-- What you will do --
Filter the records down to the lines that hold the word "definition", and copy each of those lines.

- Opening Delimiter -

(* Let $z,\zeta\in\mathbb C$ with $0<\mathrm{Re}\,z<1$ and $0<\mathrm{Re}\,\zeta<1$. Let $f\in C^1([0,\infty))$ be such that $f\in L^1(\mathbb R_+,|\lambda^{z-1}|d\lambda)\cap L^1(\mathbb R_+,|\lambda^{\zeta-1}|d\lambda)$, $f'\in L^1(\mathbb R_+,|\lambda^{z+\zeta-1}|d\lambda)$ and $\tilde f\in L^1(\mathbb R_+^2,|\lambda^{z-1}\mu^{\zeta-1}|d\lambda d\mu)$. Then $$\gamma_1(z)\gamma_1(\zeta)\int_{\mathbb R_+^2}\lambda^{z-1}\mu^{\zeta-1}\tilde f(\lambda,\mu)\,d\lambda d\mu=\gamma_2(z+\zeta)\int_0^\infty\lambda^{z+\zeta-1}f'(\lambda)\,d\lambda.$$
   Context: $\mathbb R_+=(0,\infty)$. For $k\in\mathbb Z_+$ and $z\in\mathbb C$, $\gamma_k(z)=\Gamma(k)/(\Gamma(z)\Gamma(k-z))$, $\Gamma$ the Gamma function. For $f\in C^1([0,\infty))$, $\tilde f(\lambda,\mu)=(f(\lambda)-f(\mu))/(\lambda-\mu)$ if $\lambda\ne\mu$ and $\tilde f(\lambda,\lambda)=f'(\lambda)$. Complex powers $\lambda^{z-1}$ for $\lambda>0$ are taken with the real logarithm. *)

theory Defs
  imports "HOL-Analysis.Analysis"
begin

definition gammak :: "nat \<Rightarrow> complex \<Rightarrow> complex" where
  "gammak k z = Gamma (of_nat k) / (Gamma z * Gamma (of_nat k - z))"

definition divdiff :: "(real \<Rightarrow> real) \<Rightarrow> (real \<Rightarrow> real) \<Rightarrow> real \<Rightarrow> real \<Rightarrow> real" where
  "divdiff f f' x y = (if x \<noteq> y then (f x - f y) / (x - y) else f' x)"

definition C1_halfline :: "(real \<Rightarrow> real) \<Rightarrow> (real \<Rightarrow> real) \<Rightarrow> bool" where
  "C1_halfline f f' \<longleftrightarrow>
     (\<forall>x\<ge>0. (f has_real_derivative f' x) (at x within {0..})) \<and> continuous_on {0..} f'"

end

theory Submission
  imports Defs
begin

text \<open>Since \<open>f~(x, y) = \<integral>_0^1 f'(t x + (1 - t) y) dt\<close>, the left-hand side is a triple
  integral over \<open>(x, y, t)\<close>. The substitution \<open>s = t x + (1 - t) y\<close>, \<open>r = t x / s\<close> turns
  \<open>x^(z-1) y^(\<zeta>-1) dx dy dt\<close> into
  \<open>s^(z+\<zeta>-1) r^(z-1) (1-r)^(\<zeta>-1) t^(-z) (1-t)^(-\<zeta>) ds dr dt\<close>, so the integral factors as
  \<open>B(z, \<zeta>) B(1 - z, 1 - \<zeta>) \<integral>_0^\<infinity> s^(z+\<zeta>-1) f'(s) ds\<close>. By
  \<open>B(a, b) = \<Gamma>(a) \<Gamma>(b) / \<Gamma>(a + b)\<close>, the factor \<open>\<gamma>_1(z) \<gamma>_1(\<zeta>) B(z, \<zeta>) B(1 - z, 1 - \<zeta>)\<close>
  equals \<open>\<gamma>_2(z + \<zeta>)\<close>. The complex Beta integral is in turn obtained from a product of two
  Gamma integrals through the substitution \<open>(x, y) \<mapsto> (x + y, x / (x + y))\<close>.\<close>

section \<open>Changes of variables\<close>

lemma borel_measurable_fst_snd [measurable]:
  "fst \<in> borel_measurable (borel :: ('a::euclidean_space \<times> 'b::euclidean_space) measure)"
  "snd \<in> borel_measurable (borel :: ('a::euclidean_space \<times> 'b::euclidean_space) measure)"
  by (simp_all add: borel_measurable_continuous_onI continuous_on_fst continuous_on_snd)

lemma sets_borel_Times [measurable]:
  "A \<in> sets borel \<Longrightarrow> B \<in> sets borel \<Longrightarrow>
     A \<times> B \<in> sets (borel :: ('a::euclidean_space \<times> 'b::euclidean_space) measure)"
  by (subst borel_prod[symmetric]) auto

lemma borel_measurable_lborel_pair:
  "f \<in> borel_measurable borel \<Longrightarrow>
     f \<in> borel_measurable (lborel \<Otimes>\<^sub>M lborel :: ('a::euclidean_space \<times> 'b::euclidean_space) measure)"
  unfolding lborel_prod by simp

- Closing Delimiter -

-- Exercise answer --
definition gammak :: "nat \<Rightarrow> complex \<Rightarrow> complex" where
definition divdiff :: "(real \<Rightarrow> real) \<Rightarrow> (real \<Rightarrow> real) \<Rightarrow> real \<Rightarrow> real \<Rightarrow> real" where
definition C1_halfline :: "(real \<Rightarrow> real) \<Rightarrow> (real \<Rightarrow> real) \<Rightarrow> bool" where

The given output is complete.